The crazy math of health-care reform
A new program for long-term care is billed as a money saver. In fact, it does just the opposite.
By Shawn Tully
Embedded in the health-care plan moving forward is a truly gravity-defying new device: a costly entitlement program portrayed as a way to save money. So how can you raise billions with a program that can't even pay for itself? Only by using the crazy math that governs in the world of health-care reform.
The gimmick was hatched on July 15 when the Senate Committee on Health, Education, Labor & Pensions approved a federal insurance plan for long-term care called the Community Living Assistance Services and Supports Act, or CLASS Act.
The plan, which would provide modest benefits to people who can't perform such simple daily tasks as bathing or feeding themselves, was one of Sen. Ted Kennedy's last crusades. It quickly became a favorite among Democrats, who are now adding the CLASS Act to the leading proposal in the House, H.R. 3200, passed by the Energy & Commerce Committee.
While no one doubts the bill's humane intentions, its ardent champions have another motive as well. A budget gimmick allows them to claim that CLASS Act helps pay for health-care reform.
The Democrats are promising a "deficit neutral" plan, which means that according to rules set by the Congressional Budget Office, they need to find about $1 trillion in new taxes and savings over the next ten years. Right how, the House legislation stands around $250 billion short.

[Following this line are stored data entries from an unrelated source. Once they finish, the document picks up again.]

lemma shom_sub_DeltaI:
  assumes "\<And>v x. x \<in> K v \<Longrightarrow> g v x \<in> L v" "\<And>v x. x \<notin> K v \<Longrightarrow> g v x = undefined"
    and "\<And>m v f x. inj_mono m v f \<Longrightarrow> x \<in> K v \<Longrightarrow> g m (dcomp x f) = dcomp (g v x) f"
  shows "shom (sub_Delta K) (sub_Delta L) g"
  using assms unfolding shom_def Face_sub_Delta by auto

lemma shom_sub_Delta_mono:
  "shom (sub_Delta K) (sub_Delta L) g \<Longrightarrow> L \<le> M \<Longrightarrow> shom (sub_Delta K) (sub_Delta M) g"
  unfolding shom_def Face_sub_Delta le_fun_def by (auto; blast)

lemma shom_idm_sub_Delta:
  "is_sub_Delta n K \<Longrightarrow> K \<le> L \<Longrightarrow> shom (sub_Delta K) (sub_Delta L) (idm (sub_Delta K))"
  by (rule shom_sub_DeltaI) (auto simp: idm_sub_Delta le_fun_def is_sub_Delta_dcomp)

lemma cmp_idm_sub_Delta:
  "K \<le> L \<Longrightarrow> cmp (sub_Delta K) (idm (sub_Delta K)) (idm (sub_Delta L)) = idm (sub_Delta K)"
  unfolding cmp_def idm_sub_Delta le_fun_def by (auto intro!: ext) blast

lemma is_mono_idm_sub_Delta:
  assumes K: "is_sub_Delta n K" and KL: "K \<le> L"
  shows "is_mono (sub_Delta K) (sub_Delta L) (idm (sub_Delta K))"
  unfolding is_mono_def
proof (intro conjI allI impI)
  show "shom (sub_Delta K) (sub_Delta L) (idm (sub_Delta K))" using shom_idm_sub_Delta[OF K KL] .
  fix T u w
  assume a: "fsss T \<and> shom T (sub_Delta K) u \<and> shom T (sub_Delta K) w \<and>
     cmp T u (idm (sub_Delta K)) = cmp T w (idm (sub_Delta K))"
  show "u = w"
  proof (intro ext)
    fix m x
    have "cmp T u (idm (sub_Delta K)) m x = cmp T w (idm (sub_Delta K)) m x" using a by simp
    thus "u m x = w m x" using a unfolding shom_def cmp_def idm_sub_Delta by (cases "x \<in> Simp T m") auto
  qed
qed

lemma is_pushout_sub_Delta:
  assumes B: "is_sub_Delta n B" and C: "is_sub_Delta n C"
  shows "is_pushout (sub_Delta (inf B C)) (sub_Delta B) (sub_Delta C)
           (idm (sub_Delta (inf B C))) (idm (sub_Delta (inf B C))) (sub_Delta (sup B C))
           (idm (sub_Delta B)) (idm (sub_Delta C))"
  unfolding is_pushout_def
proof (intro conjI allI impI)
  show "fsss (sub_Delta (sup B C))" using fsss_sub_Delta[OF is_sub_Delta_sup[OF B C]] .
  show "shom (sub_Delta B) (sub_Delta (sup B C)) (idm (sub_Delta B))"
    using shom_idm_sub_Delta[OF B] by simp
  show "shom (sub_Delta C) (sub_Delta (sup B C)) (idm (sub_Delta C))"
    using shom_idm_sub_Delta[OF C] by simp
  show "cmp (sub_Delta (inf B C)) (idm (sub_Delta (inf B C))) (idm (sub_Delta B)) =
        cmp (sub_Delta (inf B C)) (idm (sub_Delta (inf B C))) (idm (sub_Delta C))"
    by (simp add: cmp_idm_sub_Delta)
next
  fix Q u v
  assume a: "fsss Q \<and> shom (sub_Delta B) Q u \<and> shom (sub_Delta C) Q v \<and>
     cmp (sub_Delta (inf B C)) (idm (sub_Delta (inf B C))) u =
     cmp (sub_Delta (inf B C)) (idm (sub_Delta (inf B C))) v"
  have u: "shom (sub_Delta B) Q u" and v: "shom (sub_Delta C) Q v"
    and uv: "\<And>m x. cmp (sub_Delta (inf B C)) (idm (sub_Delta (inf B C))) u m x =
       cmp (sub_Delta (inf B C)) (idm (sub_Delta (inf B C))) v m x"
    using a by auto
  have agree: "u m x = v m x" if "x \<in> B m" "x \<in> C m" for m x
    using uv[of m x] that unfolding cmp_def idm_sub_Delta by simp
  have u_undef: "u m x = undefined" if "x \<notin> B m" for m x using u that unfolding shom_def by auto
  have v_undef: "v m x = undefined" if "x \<notin> C m" for m x using v that unfolding shom_def by auto
  define w where "w = (\<lambda>m x. if x \<in> B m then u m x else v m x)"
  have u_face: "u m (dcomp x f) = Face Q m k f (u k x)" if "inj_mono m k f" "x \<in> B k" for m k f x
    using u that unfolding shom_def by (auto simp: Face_sub_Delta)
  have v_face: "v m (dcomp x f) = Face Q m k f (v k x)" if "inj_mono m k f" "x \<in> C k" for m k f x
    using v that unfolding shom_def by (auto simp: Face_sub_Delta)
  have "shom (sub_Delta (sup B C)) Q w"
    unfolding shom_def Face_sub_Delta
  proof (intro conjI allI impI)
    fix m x assume "x \<in> Simp (sub_Delta (sup B C)) m"
    thus "w m x \<in> Simp Q m" using u v unfolding w_def shom_def by auto
  next
    fix m x assume "x \<notin> Simp (sub_Delta (sup B C)) m"
    thus "w m x = undefined" using v_undef unfolding w_def by auto
  next
    fix m k f x assume fx: "inj_mono m k f \<and> x \<in> Simp (sub_Delta (sup B C)) k"
    show "w m (if inj_mono m k f \<and> x \<in> sup B C k then dcomp x f else undefined) = Face Q m k f (w k x)"
      using fx u_face v_face agree is_sub_Delta_dcomp[OF B] is_sub_Delta_dcomp[OF C]
      unfolding w_def by auto
  qed
  moreover have "cmp (sub_Delta B) (idm (sub_Delta B)) w = u"
    unfolding cmp_def idm_sub_Delta w_def by (auto intro!: ext simp: u_undef)
  moreover have "cmp (sub_Delta C) (idm (sub_Delta C)) w = v"
    unfolding cmp_def idm_sub_Delta w_def by (auto intro!: ext simp: agree v_undef)
  moreover have "w' = w" if "shom (sub_Delta (sup B C)) Q w'"
    "cmp (sub_Delta B) (idm (sub_Delta B)) w' = u" "cmp (sub_Delta C) (idm (sub_Delta C)) w' = v" for w'
  proof (intro ext)
    fix m x
    show "w' m x = w m x"
      using that(1) fun_cong[OF fun_cong[OF that(2)], of m x] fun_cong[OF fun_cong[OF that(3)], of m x]
      unfolding shom_def cmp_def idm_sub_Delta w_def by (auto split: if_splits)
  qed
  ultimately show "\<exists>!w. shom (sub_Delta (sup B C)) Q w \<and>
      cmp (sub_Delta B) (idm (sub_Delta B)) w = u \<and> cmp (sub_Delta C) (idm (sub_Delta C)) w = v"
    by blast
qed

The CLASS Act looks like a gift: It brings in $58 billion in net tax revenues by 2019, lowering the deficit by an equivalent amount because only minor costs will be booked during that period. Under the CBO rules, the CLASS Act technically covers one-quarter of the $250 billion shortfall in funds needed to pay for health-care reform.
The gimmick lies in looking only at the CBO's ten-year budget window. The extra revenues are an illusion because of the disaster lurking just beyond that horizon.
In fact, none of the $58 billion is available to pay for the House bill. The CLASS Act is so poorly designed that the $58 billion reserve and all future premiums won't come close to covering the generous benefits it's promising.
Here's why the mechanics of the CLASS Act assure its eventual collapse.
Under the bill, all working Americans would have the option of contributing a payroll tax averaging $65 a month for long-term care. The eventual benefit for most recipients would be $75 a day or $27,000 a year.
It could be used towards nursing-home expenses, but the main goal is to allow infirm Americans to get the care the need from aides or therapists in their own homes so they're not forced into nursing homes.
But the CLASS Act's premiums aren't remotely high enough to cover a likely deluge of claims. "It's a microcosm of many of the weaknesses in the health-care reform bills," says Steve Schoonveld of the American Academy of Actuaries (AAA), which did an excellent analysis of the CLASS Act.
The plan's main problem is that it encourages what's known as "adverse selection" -- it will attract an extremely high proportion of people who are sick and near retirement, and a relatively small share of the young and healthy needed to create a sound insurance plan.
One big weakness is that the CLASS Act doesn't screen for medical problems, or even require information about them. Hence, workers or their spouses can sign up even if they're already ill. By contrast, private plans require strict testing.
Participants in the CLASS program can also start collecting benefits after just five years, a period the AAA deems far too short. Workers and their spouses can also stop paying premiums, then rejoin when they get sick with no penalty.
As a result, the AAA expects that the plan will be swamped by people who know they have medical problems when they sign up, and demand benefits right after they've paid for five years.
The AAA says that the plan would become insolvent by 2021 -- just beyond the CBO's budget window -- and would have to raise its premiums to $180 a month to meet its costs, a 177% increase.
That would put the CLASS Act into a death spiral, since virtually all younger and even moderately healthy participants would drop out. It would become a program exclusively for the old and sick, driving premiums still higher.
The most likely outcome is that we'll never get to the $180 premiums needed to fund the plan. Congress will be forced to pay enormous subsidies to keep the premiums low enough to encourage young and healthy people to sign up. Pressure will also be intense to raise the benefits to pay for more nursing-home expenses.
Instead of funding the shortfall in the House bill, the CLASS Act will create a giant budget shortfall of its own. Unfortunately, gimmickry like this is the kind of thing that has fanned public fears about health-care reform doing more harm than good.